Stored data:
lemma psd_sqrt_2x2:
  assumes "psd (A::cmat2)"
  shows "psd_sqrt A = sqrt2x2 A" "psd (sqrt2x2 A)" "sqrt2x2 A ** sqrt2x2 A = A"
proof -
  have "A = mat2 (of_real (Re (A$1$1))) (A$1$2) (cnj (A$1$2)) (of_real (Re (A$2$2)))"
    using assms hermitian_mat2_eq unfolding psd_def by blast
  then show psd: "psd (sqrt2x2 A)" and square: "sqrt2x2 A ** sqrt2x2 A = A"
    using assms psd_mat2_imp psd_sqrt2x2 sqrt2x2_square by metis+
  show "psd_sqrt A = sqrt2x2 A"
    unfolding psd_sqrt_def
  proof (rule the_equality)
    show "psd (sqrt2x2 A) \<and> sqrt2x2 A ** sqrt2x2 A = A"
      using psd square by blast
  next
    fix S
    assume "psd S \<and> S ** S = A"
    then show "S = sqrt2x2 A"
      using psd_square_eq_sqrt2x2 by metis
  qed
qed

lemma psd_sqrt_mabs_eq: "psd_sqrt (mabs M) = sqrt2x2 (sqrt2x2 (mat_adj M ** (M::cmat2)))"
proof -
  have "mabs M = sqrt2x2 (mat_adj M ** M)" "psd (mabs M)"
    using psd_sqrt_2x2[OF psd_mat_adj_mult[of M]] by (simp_all add: mabs_def)
  then show ?thesis
    using psd_sqrt_2x2(1) by metis
qed

lemma norm_psd_sqrt_2x2_le:
  assumes "psd (A::cmat2)"
  shows "(norm (psd_sqrt A))^2 \<le> 2 * norm A"
  using norm_hermitian_power2_le[of "sqrt2x2 A"] psd_sqrt_2x2[OF assms]
  unfolding psd_def by simp

lemma norm_psd_sqrt_mabs_le: "(norm (psd_sqrt (mabs M)))^2 \<le> 2 * sqrt 2 * norm (M::cmat2)"
proof -
  have "(norm (mabs M))^2 \<le> 2 * norm (mat_adj M ** M)"
    unfolding mabs_def by (rule norm_psd_sqrt_2x2_le[OF psd_mat_adj_mult])
  also have "\<dots> \<le> 2 * (norm M)^2"
    using norm_matrix_mult_le[of "mat_adj M" M] by (simp add: norm_mat_adj power2_eq_square)
  also have "\<dots> = (sqrt 2 * norm M)^2"
    by (simp add: power_mult_distrib)
  finally have "norm (mabs M) \<le> sqrt 2 * norm M"
    by (rule power2_le_imp_le) simp
  moreover have "psd (mabs M)"
    unfolding mabs_def using psd_sqrt_2x2 psd_mat_adj_mult by metis
  ultimately show ?thesis
    using norm_psd_sqrt_2x2_le[of "mabs M"] by simp
qed

lemma borel_measurable_sqrt2x2 [measurable (raw)]:
  assumes "f \<in> borel_measurable M"
  shows "(\<lambda>x. sqrt2x2 (f x)) \<in> borel_measurable M"
proof -
  have [measurable]: "(\<lambda>x. f x $ i $ j) \<in> borel_measurable M" for i j
    using assms by (simp add: borel_measurable_matrix_iff)
  have [measurable]: "(\<lambda>x. mat 1 :: cmat2) \<in> borel_measurable M"
    by simp
  show ?thesis
    unfolding sqrt2x2_def Let_def using assms by measurable
qed

lemma borel_measurable_psd_sqrt_mabs [measurable (raw)]:
  "f \<in> borel_measurable M \<Longrightarrow> (\<lambda>x. psd_sqrt (mabs (f x :: cmat2))) \<in> borel_measurable M"
  unfolding psd_sqrt_mabs_eq by measurable

section \<open>The potential\<close>

lemma Mpot_eq:
  "Mpot \<epsilon> \<gamma> \<mu> \<nu> \<psi> x = (cmod (\<psi> x))^2 *\<^sub>R N1 \<epsilon> \<gamma> + (cmod (\<psi> x))^4 *\<^sub>R N2 \<mu> \<nu>
     + (2 *\<^sub>R N1 \<epsilon> \<gamma> + (4 * (cmod (\<psi> x))^2) *\<^sub>R N2 \<mu> \<nu>)
       ** mat2 (of_real (Re (\<psi> x) * Re (\<psi> x))) (of_real (Re (\<psi> x) * Im (\<psi> x)))
               (of_real (Im (\<psi> x) * Re (\<psi> x))) (of_real (Im (\<psi> x) * Im (\<psi> x)))"
  by (simp add: Mpot_def Let_def flip: mat2_scalar_mult)

lemma norm_Mpot_le:
  "norm (Mpot \<epsilon> \<gamma> \<mu> \<nu> \<psi> x)
     \<le> (3 * norm (N1 \<epsilon> \<gamma>) + 5 * (cmod (\<psi> x))^2 * norm (N2 \<mu> \<nu>)) * (cmod (\<psi> x))^2"
proof -
  let ?r = "cmod (\<psi> x)" and ?u = "Re (\<psi> x)" and ?w = "Im (\<psi> x)"
  let ?P = "mat2 (of_real (?u * ?u)) (of_real (?u * ?w)) (of_real (?w * ?u)) (of_real (?w * ?w))"
  have "(norm ?P)^2 = (?u^2 + ?w^2)^2"
    unfolding norm_mat2 by (simp add: norm_mult power2_eq_square algebra_simps)
  then have P: "norm ?P = ?r^2"
    by (simp add: cmod_power2)
  have "norm (Mpot \<epsilon> \<gamma> \<mu> \<nu> \<psi> x)
      \<le> ?r^2 * norm (N1 \<epsilon> \<gamma>) + ?r^4 * norm (N2 \<mu> \<nu>)
        + (2 * norm (N1 \<epsilon> \<gamma>) + 4 * ?r^2 * norm (N2 \<mu> \<nu>)) * norm ?P"
    unfolding Mpot_eq
    by (intro norm_triangle_le add_mono order_trans[OF norm_matrix_mult_le] mult_right_mono
        order_trans[OF norm_triangle_ineq]) simp_all
  also have "\<dots> = (3 * norm (N1 \<epsilon> \<gamma>) + 5 * ?r^2 * norm (N2 \<mu> \<nu>)) * ?r^2"
    unfolding P by (simp add: algebra_simps power2_eq_square power4_eq_xxxx)
  finally show ?thesis .
qed

lemma borel_measurable_Mpot:
  assumes "\<psi> \<in> borel_measurable M"
  shows "Mpot \<epsilon> \<gamma> \<mu> \<nu> \<psi> \<in> borel_measurable M"
proof -
  define F where "F z = Mpot \<epsilon> \<gamma> \<mu> \<nu> (\<lambda>_. z) 0" for z
  have "continuous_on UNIV F"
    unfolding F_def Mpot_def Let_def by (intro continuous_intros)
  then have "(\<lambda>x. F (\<psi> x)) \<in> borel_measurable M"
    using assms by (rule borel_measurable_continuous_on)
  moreover have "(\<lambda>x. F (\<psi> x)) = Mpot \<epsilon> \<gamma> \<mu> \<nu> \<psi>"
    by (simp add: fun_eq_iff F_def Mpot_def)
  ultimately show ?thesis
    by simp
qed

lemma integrable_exp_neg_abs:
  assumes b: "b > 0"
  shows "integrable lborel (\<lambda>x::real. exp (- b * \<bar>x\<bar>))"
proof (rule integrableI_bounded)
  define g where "g x = (if x \<in> {0..} then exp (- b * x) else 0)" for x :: real
  have g_measurable [measurable]: "g \<in> borel_measurable borel"
    unfolding g_def by measurable
  have "((\<lambda>x::real. exp (- b * x)) has_integral exp (- b * 0) / b) {0..}"
    by (rule has_integral_exp_minus_to_infinity[OF b])
  then have g_integral: "(g has_integral 1 / b) UNIV"
    unfolding g_def has_integral_restrict_UNIV by simp
  have right: "(\<integral>\<^sup>+x. ennreal (g x) \<partial>lborel) = ennreal (1 / b)"
    by (rule nn_integral_has_integral_lborel[OF g_measurable _ g_integral]) (simp add: g_def)
  have "(\<integral>\<^sup>+x. ennreal (g x) \<partial>lborel) = (\<integral>\<^sup>+x. ennreal (g (- x)) \<partial>lborel)"
    using nn_integral_real_affine[of "\<lambda>x. ennreal (g x)" "-1" 0] by simp
  then have left: "(\<integral>\<^sup>+x. ennreal (g (- x)) \<partial>lborel) = ennreal (1 / b)"
    using right by simp
  have "(\<integral>\<^sup>+x. ennreal (norm (exp (- b * \<bar>x\<bar>))) \<partial>lborel) \<le> (\<integral>\<^sup>+x. ennreal (g x) + ennreal (g (- x)) \<partial>lborel)"
    by (intro nn_integral_mono) (auto simp: g_def)
  also have "\<dots> = ennreal (1 / b) + ennreal (1 / b)"
    by (subst nn_integral_add) (auto simp: right left)
  finally show "(\<integral>\<^sup>+x. ennreal (norm (exp (- b * \<bar>x\<bar>))) \<partial>lborel) < \<infinity>"
    by (simp add: order_le_less_trans)
qed simp

lemma integrable_norm_Mpot:
  assumes \<psi>: "\<psi> \<in> borel_measurable borel" and a: "a > 0"
    and decay: "\<And>x. cmod (\<psi> x) \<le> C * exp (- a * \<bar>x\<bar>)"
  shows "integrable lborel (\<lambda>x. norm (Mpot \<epsilon> \<gamma> \<mu> \<nu> \<psi> x))"
proof -
  define K where "K = 3 * norm (N1 \<epsilon> \<gamma>) + 5 * C^2 * norm (N2 \<mu> \<nu>)"
  have bound: "norm (Mpot \<epsilon> \<gamma> \<mu> \<nu> \<psi> x) \<le> K * C^2 * exp (- (2 * a) * \<bar>x\<bar>)" for x
  proof -
    let ?e = "exp (- a * \<bar>x\<bar>)"
    have "0 \<le> C * ?e"
      using decay[of x] norm_ge_zero order_trans by blast
    then have "0 \<le> C"
      by (simp add: zero_le_mult_iff)
    have r: "(cmod (\<psi> x))^2 \<le> (C * ?e)^2"
      using decay[of x] by (intro power_mono) auto
    have "?e^2 \<le> 1"
      using a by (simp add: power_le_one)
    then have "(C * ?e)^2 \<le> C^2"
      by (simp add: power_mult_distrib mult_left_le)
    with r have "3 * norm (N1 \<epsilon> \<gamma>) + 5 * (cmod (\<psi> x))^2 * norm (N2 \<mu> \<nu>) \<le> K"
      unfolding K_def by (intro add_left_mono mult_right_mono) auto
    then have "norm (Mpot \<epsilon> \<gamma> \<mu> \<nu> \<psi> x) \<le> K * (cmod (\<psi> x))^2"
      by (rule order_trans[OF norm_Mpot_le mult_right_mono[OF _ zero_le_power2]])
    also have "\<dots> \<le> K * (C * ?e)^2"
      using r by (rule mult_left_mono) (simp add: K_def)
    also have "\<dots> = K * C^2 * exp (- (2 * a) * \<bar>x\<bar>)"
      by (simp add: power_mult_distrib power2_eq_square flip: exp_add)
    finally show ?thesis .
  qed
  have "integrable lborel (\<lambda>x. K * C^2 * exp (- (2 * a) * \<bar>x\<bar>))"
    using a by (intro integrable_mult_right integrable_exp_neg_abs) simp
  then show ?thesis
  proof (rule Bochner_Integration.integrable_bound)
    show "(\<lambda>x. norm (Mpot \<epsilon> \<gamma> \<mu> \<nu> \<psi> x)) \<in> borel_measurable lborel"
      using borel_measurable_Mpot[OF \<psi>] by measurable
    show "AE x in lborel. norm (norm (Mpot \<epsilon> \<gamma> \<mu> \<nu> \<psi> x)) \<le> norm (K * C^2 * exp (- (2 * a) * \<bar>x\<bar>))"
      using order_trans[OF bound abs_ge_self] by simp
  qed
qed

section \<open>Hilbert--Schmidt integral operators\<close>

lemma (in pair_sigma_finite) integrable_product_mult:
  fixes f :: "'a \<Rightarrow> real" and g :: "'b \<Rightarrow> real"
  assumes f: "integrable M1 f" and g: "integrable M2 g"
  shows "integrable (M1 \<Otimes>\<^sub>M M2) (\<lambda>(x, y). f x * g y)"
proof (rule integrableI_bounded)
  have [measurable]: "f \<in> borel_measurable M1" "g \<in> borel_measurable M2"
    using f g by auto
  show "(\<lambda>(x, y). f x * g y) \<in> borel_measurable (M1 \<Otimes>\<^sub>M M2)"
    by measurable
  have "(\<integral>\<^sup>+p. ennreal (norm (case p of (x, y) \<Rightarrow> f x * g y)) \<partial>(M1 \<Otimes>\<^sub>M M2))
      = (\<integral>\<^sup>+x. \<integral>\<^sup>+y. ennreal (norm (f x)) * ennreal (norm (g y)) \<partial>M2 \<partial>M1)"
    by (subst M2.nn_integral_fst[symmetric]) (auto simp: abs_mult ennreal_mult)
  also have "\<dots> = (\<integral>\<^sup>+x. ennreal (norm (f x)) \<partial>M1) * (\<integral>\<^sup>+y. ennreal (norm (g y)) \<partial>M2)"
    by (simp add: nn_integral_cmult nn_integral_multc)
  also have "\<dots> < \<infinity>"
    using f g by (simp add: integrable_iff_bounded ennreal_mult_less_top)
  finally show "(\<integral>\<^sup>+p. ennreal (norm (case p of (x, y) \<Rightarrow> f x * g y)) \<partial>(M1 \<Otimes>\<^sub>M M2)) < \<infinity>" .
qed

Exercise details: Only the lines containing the string "open" are needed; pull them out of the records.

Solution:
section \<open>The potential\<close>
section \<open>Hilbert--Schmidt integral operators\<close>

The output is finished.